Exact reproduction required: the lines below from the line with "unfolding a using" to the line with "eps x2) \<le>", both ends included, and no others.

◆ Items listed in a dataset
○ ○ ○ ○ ○ ○ ○

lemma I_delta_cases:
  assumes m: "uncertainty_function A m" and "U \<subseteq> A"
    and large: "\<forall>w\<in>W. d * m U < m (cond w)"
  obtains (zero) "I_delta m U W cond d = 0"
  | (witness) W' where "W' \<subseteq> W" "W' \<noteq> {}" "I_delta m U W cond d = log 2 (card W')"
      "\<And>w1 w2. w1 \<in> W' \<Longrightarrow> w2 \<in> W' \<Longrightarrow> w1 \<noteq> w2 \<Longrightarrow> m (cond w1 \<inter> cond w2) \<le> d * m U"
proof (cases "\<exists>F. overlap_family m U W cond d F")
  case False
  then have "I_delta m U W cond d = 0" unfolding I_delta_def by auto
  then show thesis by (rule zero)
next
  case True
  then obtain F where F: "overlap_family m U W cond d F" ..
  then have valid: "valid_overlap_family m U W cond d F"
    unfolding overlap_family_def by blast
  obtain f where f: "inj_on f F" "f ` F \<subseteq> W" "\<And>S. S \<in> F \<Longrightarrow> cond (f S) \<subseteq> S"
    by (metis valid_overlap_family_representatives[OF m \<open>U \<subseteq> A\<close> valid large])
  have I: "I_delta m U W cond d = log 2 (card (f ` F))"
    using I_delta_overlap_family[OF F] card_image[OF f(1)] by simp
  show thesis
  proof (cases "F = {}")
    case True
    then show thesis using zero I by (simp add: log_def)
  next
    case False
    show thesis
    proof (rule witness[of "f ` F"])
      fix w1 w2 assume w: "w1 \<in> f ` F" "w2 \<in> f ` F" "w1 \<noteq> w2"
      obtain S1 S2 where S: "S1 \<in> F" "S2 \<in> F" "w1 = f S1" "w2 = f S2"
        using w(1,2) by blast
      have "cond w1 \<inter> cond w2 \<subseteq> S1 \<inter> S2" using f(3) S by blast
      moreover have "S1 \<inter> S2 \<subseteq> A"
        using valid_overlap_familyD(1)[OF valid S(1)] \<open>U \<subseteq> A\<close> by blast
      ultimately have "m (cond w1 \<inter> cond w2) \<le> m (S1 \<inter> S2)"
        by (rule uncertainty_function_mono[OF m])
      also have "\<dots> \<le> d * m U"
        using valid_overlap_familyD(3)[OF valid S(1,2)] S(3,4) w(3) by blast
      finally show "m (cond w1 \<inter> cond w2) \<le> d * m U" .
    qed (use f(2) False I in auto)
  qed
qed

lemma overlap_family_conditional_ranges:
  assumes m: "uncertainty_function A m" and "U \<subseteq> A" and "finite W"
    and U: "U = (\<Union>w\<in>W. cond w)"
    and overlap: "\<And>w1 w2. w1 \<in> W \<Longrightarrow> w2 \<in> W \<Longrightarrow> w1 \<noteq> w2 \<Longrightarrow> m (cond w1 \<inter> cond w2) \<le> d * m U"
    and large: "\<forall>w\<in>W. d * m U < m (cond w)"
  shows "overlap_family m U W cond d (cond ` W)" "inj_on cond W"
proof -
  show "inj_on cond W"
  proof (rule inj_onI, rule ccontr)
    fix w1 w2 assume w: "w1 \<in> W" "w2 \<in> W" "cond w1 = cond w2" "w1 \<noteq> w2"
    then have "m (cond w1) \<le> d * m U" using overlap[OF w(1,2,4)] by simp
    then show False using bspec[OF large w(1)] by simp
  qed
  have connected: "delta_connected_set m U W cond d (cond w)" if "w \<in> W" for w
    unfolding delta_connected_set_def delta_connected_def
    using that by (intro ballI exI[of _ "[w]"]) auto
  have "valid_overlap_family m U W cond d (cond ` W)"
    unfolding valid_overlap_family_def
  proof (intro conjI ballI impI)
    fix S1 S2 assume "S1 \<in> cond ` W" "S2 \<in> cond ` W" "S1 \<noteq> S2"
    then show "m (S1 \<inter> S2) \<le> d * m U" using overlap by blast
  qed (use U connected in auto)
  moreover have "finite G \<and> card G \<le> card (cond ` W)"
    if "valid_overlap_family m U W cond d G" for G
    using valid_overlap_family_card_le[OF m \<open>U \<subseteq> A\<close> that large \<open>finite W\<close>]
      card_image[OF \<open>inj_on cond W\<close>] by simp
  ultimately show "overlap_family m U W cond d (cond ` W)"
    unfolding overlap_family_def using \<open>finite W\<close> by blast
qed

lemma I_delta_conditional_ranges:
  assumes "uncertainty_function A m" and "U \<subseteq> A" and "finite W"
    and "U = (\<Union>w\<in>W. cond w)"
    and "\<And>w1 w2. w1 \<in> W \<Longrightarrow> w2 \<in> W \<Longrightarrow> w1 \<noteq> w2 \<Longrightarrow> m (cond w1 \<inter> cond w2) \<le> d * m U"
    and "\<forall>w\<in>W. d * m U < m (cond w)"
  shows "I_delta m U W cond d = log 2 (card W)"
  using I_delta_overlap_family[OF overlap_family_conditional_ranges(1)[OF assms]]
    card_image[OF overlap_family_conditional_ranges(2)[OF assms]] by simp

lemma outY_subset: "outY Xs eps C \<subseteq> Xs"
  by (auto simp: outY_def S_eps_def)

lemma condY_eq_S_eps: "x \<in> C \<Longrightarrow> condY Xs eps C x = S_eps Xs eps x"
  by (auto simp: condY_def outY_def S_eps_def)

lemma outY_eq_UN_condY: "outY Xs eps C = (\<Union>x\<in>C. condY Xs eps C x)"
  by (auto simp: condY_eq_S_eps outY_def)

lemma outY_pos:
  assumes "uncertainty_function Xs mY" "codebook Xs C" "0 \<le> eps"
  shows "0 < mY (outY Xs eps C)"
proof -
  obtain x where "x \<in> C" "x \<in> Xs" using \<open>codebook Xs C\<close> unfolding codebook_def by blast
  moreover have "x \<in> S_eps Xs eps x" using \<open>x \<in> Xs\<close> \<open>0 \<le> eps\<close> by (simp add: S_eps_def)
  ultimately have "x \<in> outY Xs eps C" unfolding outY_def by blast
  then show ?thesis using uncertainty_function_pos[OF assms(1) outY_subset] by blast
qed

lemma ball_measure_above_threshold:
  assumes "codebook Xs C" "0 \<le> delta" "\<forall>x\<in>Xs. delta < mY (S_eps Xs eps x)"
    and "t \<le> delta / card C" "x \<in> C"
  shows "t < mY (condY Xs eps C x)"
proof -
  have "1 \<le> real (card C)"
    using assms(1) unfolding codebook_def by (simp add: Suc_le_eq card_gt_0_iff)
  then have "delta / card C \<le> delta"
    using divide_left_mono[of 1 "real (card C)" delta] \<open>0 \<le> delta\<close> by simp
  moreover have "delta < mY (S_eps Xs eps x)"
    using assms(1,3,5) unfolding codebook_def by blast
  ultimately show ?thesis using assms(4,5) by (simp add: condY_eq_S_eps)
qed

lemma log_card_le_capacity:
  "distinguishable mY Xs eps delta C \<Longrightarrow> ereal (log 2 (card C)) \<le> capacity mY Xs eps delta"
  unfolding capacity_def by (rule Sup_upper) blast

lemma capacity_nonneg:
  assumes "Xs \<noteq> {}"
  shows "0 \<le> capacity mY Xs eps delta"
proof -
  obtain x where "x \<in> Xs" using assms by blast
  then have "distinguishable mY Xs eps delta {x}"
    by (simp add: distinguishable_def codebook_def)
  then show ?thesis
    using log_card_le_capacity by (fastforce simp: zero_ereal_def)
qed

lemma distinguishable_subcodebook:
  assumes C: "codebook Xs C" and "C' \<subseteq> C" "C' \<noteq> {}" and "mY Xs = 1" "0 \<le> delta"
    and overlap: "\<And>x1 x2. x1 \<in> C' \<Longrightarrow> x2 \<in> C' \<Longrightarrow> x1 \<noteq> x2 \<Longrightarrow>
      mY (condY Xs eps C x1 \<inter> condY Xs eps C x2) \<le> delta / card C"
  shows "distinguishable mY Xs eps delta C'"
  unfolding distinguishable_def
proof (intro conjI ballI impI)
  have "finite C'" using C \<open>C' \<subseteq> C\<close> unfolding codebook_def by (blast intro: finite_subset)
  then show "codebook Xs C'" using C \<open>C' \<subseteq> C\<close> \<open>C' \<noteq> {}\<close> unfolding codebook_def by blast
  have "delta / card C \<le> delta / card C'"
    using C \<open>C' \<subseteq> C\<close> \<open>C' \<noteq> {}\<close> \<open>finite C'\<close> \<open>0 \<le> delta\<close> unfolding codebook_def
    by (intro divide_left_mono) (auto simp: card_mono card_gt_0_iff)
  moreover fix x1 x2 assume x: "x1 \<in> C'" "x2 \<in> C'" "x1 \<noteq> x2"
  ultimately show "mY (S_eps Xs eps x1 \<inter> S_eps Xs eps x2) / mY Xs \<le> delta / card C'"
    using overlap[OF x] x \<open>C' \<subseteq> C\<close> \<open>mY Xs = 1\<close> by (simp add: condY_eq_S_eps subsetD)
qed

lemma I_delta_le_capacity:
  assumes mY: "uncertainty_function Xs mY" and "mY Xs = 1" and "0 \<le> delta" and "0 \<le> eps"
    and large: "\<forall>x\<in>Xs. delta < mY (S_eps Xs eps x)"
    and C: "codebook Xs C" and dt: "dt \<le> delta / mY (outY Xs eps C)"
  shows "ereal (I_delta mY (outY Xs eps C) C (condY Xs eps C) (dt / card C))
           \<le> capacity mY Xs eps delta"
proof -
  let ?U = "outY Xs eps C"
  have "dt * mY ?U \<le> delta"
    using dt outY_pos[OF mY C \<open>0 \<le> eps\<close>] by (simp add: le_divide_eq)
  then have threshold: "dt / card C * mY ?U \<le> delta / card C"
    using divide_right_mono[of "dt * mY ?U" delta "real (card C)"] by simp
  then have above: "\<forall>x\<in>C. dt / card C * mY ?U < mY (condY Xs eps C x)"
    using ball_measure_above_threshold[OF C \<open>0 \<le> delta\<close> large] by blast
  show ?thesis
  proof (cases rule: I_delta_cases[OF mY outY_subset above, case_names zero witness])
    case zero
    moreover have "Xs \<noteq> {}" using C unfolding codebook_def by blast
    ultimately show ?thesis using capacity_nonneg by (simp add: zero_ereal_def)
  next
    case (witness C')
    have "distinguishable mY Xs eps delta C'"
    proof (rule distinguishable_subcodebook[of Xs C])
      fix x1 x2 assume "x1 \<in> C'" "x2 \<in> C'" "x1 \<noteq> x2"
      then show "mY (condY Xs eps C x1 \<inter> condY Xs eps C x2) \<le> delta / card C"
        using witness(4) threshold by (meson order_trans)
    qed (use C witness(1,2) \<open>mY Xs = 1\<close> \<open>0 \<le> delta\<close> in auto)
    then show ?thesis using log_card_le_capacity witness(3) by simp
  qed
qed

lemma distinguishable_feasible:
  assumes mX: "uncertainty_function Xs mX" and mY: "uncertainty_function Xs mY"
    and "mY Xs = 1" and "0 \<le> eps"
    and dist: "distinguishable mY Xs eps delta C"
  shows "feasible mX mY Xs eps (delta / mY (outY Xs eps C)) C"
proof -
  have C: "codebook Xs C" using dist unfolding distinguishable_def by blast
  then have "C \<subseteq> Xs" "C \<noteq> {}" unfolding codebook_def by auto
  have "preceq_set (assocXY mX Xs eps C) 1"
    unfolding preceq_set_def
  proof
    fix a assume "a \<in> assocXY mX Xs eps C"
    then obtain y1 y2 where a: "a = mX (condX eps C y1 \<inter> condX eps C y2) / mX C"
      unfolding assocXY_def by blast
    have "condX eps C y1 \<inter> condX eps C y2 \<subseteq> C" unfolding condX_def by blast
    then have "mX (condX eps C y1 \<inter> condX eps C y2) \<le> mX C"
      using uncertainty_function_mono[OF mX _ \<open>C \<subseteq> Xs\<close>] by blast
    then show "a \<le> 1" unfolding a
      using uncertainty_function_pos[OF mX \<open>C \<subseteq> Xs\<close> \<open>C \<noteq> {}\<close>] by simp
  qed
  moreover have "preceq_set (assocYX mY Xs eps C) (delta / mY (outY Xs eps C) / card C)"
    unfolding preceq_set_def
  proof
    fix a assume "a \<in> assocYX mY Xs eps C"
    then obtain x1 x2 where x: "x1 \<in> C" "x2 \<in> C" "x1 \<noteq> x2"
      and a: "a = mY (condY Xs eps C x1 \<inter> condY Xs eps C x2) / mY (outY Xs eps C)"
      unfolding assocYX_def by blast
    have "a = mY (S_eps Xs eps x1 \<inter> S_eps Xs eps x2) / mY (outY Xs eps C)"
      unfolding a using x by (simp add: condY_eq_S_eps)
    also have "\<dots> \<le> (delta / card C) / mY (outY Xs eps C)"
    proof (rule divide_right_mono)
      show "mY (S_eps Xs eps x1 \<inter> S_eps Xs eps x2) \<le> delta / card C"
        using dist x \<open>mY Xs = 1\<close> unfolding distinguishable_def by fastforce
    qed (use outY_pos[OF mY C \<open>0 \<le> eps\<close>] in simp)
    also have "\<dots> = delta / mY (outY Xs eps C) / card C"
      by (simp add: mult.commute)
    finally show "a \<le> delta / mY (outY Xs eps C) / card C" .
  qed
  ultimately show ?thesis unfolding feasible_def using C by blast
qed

○ ○ ○ ○ ○ ○ ○

◆ SOLUTION FOR THIS TASK
      unfolding a using x by (simp add: condY_eq_S_eps)
    also have "\<dots> \<le> (delta / card C) / mY (outY Xs eps C)"
    proof (rule divide_right_mono)
      show "mY (S_eps Xs eps x1 \<inter> S_eps Xs eps x2) \<le> delta / card C"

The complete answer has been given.